» **Exercise description**
After locating the line that contains "R) z0 d k))\<^sup>2) / b" in the records below, write out exactly that line and each line after it through the one that contains "B2 (S ** matrix_inv R) z0 d k))\<^sup>2)", and nothing else.
Top of Supplied data
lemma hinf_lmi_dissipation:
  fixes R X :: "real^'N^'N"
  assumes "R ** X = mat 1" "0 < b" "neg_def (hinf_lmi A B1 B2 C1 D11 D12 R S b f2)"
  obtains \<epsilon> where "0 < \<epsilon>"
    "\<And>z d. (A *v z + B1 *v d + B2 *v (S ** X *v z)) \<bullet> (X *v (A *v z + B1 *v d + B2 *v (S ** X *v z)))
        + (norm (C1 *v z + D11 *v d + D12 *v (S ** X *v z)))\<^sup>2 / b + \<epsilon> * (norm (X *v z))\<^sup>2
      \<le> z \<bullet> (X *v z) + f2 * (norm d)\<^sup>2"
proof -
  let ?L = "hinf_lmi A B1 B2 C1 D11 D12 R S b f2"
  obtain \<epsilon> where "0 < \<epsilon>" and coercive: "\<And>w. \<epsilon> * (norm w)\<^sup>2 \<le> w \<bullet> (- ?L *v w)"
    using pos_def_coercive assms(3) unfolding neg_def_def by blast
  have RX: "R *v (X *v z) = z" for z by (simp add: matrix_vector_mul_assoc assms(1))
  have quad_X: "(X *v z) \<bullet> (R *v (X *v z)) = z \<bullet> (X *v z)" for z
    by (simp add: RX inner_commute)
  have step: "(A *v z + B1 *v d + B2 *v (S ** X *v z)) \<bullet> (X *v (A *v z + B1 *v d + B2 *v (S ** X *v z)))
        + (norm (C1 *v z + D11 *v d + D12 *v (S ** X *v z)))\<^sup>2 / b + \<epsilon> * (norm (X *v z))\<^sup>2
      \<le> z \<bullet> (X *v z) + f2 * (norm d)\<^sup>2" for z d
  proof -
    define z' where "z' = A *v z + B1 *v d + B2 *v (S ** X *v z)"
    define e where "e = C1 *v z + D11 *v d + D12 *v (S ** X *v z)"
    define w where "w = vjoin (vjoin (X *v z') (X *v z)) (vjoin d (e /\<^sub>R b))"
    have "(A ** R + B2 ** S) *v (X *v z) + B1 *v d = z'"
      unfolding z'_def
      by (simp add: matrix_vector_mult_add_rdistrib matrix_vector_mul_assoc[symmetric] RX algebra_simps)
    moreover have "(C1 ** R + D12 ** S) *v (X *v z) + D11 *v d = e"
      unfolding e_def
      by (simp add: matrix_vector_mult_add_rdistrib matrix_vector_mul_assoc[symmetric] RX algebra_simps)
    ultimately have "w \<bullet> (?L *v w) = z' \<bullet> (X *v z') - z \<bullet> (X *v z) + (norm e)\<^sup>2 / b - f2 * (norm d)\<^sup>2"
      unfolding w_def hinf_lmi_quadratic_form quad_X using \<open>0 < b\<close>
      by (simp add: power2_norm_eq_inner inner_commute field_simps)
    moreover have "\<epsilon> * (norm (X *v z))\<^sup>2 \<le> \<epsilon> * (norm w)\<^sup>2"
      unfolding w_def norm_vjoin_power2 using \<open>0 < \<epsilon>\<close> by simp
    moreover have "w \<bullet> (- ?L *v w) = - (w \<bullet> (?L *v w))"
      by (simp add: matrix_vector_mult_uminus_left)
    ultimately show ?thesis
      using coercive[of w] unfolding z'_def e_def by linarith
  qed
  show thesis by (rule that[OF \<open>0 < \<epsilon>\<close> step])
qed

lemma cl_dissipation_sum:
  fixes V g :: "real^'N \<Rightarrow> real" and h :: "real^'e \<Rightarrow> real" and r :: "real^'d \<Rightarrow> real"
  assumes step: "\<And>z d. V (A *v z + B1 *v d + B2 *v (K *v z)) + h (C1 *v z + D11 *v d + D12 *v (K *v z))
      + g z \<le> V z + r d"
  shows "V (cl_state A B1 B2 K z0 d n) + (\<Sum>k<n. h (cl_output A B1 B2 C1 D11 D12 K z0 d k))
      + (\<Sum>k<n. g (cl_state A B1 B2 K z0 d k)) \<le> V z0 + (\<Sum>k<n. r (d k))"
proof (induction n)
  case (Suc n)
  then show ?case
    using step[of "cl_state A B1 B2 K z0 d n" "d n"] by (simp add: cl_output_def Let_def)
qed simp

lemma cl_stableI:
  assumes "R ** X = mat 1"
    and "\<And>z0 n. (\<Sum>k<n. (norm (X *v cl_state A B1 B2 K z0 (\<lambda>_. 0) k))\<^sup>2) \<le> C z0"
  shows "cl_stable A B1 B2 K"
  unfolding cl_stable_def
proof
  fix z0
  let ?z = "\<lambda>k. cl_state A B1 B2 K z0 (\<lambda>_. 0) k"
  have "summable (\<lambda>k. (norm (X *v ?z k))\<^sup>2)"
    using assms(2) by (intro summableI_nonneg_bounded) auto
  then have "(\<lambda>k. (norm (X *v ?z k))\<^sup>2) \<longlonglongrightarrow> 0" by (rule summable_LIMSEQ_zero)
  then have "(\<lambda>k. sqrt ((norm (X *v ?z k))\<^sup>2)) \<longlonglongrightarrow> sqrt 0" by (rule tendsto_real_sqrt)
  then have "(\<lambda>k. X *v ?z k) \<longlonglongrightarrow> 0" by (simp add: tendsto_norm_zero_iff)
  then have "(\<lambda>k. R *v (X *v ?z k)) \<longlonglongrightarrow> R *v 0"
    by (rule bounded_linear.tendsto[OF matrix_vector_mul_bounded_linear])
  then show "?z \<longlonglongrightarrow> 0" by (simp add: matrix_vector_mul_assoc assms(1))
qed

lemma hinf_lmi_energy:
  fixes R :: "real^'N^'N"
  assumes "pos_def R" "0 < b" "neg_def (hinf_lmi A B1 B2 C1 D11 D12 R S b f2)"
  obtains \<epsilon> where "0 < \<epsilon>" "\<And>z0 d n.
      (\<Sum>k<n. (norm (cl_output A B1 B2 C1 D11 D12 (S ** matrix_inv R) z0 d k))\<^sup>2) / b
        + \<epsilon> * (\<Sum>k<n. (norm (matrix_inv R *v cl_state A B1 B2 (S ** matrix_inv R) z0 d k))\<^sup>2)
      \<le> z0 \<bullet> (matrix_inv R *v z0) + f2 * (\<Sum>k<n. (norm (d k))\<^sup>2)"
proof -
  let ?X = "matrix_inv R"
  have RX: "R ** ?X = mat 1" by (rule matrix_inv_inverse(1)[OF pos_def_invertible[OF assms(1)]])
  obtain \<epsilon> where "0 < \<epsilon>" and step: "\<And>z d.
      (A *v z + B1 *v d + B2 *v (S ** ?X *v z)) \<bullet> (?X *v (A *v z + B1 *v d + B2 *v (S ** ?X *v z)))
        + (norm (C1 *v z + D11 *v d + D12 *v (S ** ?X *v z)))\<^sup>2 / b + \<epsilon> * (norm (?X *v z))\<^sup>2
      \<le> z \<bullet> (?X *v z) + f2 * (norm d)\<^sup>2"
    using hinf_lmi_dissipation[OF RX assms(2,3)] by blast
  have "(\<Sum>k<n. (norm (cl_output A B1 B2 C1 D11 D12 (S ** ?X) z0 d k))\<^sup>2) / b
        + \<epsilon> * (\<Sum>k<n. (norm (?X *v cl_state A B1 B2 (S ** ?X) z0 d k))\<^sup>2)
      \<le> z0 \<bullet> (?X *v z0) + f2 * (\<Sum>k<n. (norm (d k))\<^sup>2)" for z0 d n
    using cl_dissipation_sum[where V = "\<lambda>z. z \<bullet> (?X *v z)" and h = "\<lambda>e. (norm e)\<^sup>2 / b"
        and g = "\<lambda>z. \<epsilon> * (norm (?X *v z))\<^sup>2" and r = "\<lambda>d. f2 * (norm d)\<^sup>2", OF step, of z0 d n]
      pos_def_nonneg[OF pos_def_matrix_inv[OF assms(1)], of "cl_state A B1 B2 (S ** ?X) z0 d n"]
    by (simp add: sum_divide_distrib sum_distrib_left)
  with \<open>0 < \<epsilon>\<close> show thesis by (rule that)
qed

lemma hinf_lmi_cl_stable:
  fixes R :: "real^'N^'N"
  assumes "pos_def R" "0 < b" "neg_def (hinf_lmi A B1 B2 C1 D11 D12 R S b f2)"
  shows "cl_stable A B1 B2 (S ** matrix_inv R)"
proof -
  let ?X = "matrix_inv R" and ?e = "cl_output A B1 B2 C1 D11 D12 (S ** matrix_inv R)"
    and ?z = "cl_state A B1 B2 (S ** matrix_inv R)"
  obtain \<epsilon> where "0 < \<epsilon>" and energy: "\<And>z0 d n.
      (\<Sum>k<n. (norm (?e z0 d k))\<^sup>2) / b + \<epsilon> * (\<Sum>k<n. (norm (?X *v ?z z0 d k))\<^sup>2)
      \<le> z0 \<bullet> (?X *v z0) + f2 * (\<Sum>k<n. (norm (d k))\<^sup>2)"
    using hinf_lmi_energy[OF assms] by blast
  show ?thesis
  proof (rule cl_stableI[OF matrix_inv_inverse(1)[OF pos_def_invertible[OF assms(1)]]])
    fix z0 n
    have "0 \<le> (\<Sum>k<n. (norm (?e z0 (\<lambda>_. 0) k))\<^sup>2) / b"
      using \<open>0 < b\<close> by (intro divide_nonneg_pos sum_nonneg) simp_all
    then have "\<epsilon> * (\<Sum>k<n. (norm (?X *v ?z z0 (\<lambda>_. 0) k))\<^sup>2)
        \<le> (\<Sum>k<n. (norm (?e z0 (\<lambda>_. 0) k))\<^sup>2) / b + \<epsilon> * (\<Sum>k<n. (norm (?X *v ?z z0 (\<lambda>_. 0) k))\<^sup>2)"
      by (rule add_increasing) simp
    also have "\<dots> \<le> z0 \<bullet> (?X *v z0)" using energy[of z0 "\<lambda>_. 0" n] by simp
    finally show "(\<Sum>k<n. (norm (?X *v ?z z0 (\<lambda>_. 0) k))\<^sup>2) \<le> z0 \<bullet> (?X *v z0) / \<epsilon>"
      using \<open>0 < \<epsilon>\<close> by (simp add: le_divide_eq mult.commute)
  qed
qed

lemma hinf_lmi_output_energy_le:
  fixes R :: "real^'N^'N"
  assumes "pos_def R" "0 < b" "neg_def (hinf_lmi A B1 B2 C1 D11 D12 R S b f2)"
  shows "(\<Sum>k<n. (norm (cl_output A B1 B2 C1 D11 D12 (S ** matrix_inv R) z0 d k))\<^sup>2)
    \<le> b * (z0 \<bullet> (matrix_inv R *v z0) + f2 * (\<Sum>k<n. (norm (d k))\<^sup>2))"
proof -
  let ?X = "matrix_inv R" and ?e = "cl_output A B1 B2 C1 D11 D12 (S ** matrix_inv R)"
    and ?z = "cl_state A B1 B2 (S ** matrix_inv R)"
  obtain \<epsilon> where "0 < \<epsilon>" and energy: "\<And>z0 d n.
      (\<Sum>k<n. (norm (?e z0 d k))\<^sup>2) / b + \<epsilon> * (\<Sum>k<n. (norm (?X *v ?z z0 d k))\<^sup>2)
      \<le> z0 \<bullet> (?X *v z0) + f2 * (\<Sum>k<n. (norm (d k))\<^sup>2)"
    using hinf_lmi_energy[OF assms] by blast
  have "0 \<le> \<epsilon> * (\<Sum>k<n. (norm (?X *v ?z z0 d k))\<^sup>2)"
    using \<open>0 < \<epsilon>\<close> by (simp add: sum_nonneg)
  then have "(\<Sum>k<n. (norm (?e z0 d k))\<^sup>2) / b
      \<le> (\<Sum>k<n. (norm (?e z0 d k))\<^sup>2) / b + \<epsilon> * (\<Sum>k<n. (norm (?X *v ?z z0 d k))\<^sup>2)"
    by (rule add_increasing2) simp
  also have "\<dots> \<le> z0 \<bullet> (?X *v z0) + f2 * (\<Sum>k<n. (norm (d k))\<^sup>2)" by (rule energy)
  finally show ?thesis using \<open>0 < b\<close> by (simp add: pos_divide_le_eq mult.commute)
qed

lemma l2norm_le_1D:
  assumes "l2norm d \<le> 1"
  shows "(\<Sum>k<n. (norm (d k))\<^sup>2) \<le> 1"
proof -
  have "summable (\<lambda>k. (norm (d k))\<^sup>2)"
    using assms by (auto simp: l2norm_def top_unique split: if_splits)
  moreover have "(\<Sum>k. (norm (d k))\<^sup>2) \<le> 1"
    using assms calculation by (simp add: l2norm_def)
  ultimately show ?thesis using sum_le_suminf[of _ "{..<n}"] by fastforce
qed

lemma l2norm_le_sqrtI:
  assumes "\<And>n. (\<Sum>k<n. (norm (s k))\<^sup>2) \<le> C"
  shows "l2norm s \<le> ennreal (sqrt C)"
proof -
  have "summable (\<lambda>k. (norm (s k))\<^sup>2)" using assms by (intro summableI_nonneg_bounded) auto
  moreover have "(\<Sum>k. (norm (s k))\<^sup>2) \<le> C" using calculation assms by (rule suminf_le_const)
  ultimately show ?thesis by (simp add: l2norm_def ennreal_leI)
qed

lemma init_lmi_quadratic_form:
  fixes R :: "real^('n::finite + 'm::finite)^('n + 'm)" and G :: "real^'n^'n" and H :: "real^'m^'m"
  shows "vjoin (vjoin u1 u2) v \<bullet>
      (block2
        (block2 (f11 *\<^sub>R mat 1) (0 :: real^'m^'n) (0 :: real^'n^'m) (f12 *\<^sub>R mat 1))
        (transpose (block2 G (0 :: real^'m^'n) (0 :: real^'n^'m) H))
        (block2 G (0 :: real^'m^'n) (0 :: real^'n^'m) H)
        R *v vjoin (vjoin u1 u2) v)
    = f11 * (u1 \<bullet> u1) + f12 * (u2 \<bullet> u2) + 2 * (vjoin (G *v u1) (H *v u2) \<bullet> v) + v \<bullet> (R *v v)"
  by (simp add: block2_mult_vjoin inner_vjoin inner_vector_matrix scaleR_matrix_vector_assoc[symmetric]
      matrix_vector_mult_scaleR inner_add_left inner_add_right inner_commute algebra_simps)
Bottom of Supplied data
Top of Supplied data
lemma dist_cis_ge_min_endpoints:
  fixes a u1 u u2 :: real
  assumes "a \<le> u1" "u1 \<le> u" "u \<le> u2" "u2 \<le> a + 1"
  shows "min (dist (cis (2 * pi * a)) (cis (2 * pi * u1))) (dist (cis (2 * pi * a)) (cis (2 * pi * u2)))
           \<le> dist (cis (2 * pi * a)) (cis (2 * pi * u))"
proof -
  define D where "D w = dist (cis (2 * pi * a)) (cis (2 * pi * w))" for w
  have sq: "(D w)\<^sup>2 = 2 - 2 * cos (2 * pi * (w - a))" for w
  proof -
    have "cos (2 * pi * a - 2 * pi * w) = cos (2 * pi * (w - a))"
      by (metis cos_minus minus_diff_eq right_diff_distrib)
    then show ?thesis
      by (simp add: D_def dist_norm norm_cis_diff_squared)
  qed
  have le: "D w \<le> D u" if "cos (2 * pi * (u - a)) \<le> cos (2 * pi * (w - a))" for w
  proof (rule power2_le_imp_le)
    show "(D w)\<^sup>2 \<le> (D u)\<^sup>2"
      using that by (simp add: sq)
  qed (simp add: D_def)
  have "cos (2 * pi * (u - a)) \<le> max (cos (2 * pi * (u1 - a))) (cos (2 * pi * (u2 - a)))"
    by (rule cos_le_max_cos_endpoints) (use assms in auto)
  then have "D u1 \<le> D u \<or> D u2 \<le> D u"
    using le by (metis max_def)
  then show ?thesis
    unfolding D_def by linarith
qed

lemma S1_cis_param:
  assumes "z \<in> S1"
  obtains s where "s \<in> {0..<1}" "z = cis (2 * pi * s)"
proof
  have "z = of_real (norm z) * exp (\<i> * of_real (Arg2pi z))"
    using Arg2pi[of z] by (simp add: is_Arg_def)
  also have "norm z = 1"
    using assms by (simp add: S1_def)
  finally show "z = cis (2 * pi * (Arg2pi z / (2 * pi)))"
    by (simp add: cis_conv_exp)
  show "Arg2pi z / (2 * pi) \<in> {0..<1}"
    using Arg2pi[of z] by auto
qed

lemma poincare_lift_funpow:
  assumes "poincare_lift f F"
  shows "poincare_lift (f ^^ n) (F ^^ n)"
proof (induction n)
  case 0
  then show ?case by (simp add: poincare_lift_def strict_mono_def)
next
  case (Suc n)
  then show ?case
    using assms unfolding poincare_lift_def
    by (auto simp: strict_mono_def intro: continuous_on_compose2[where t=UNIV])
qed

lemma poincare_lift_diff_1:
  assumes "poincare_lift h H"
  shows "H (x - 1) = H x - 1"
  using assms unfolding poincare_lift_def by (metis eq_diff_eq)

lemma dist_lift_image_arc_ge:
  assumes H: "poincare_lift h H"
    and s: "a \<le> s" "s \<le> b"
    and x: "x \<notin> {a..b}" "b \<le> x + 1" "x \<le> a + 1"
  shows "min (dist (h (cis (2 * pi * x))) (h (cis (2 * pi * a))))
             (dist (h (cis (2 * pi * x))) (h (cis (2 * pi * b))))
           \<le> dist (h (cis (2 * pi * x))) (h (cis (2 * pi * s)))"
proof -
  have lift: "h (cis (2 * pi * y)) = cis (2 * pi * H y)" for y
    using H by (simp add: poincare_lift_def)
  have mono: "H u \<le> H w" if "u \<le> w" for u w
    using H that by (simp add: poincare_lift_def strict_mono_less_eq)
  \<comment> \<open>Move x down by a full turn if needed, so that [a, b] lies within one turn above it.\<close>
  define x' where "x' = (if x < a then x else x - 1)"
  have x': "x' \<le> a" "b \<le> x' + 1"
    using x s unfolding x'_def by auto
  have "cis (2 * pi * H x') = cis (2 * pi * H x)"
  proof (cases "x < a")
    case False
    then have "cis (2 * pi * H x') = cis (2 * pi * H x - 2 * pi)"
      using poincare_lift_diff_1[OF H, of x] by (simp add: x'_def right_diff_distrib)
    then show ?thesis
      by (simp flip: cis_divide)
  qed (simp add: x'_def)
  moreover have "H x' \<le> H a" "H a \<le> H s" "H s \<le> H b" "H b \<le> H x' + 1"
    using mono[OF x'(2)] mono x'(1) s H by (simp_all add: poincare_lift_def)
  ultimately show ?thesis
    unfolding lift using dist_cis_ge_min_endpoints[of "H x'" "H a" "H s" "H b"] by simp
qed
Bottom of Supplied data
» **Final answer**
      (\<Sum>k<n. (norm (cl_output A B1 B2 C1 D11 D12 (S ** matrix_inv R) z0 d k))\<^sup>2) / b
        + \<epsilon> * (\<Sum>k<n. (norm (matrix_inv R *v cl_state A B1 B2 (S ** matrix_inv R) z0 d k))\<^sup>2)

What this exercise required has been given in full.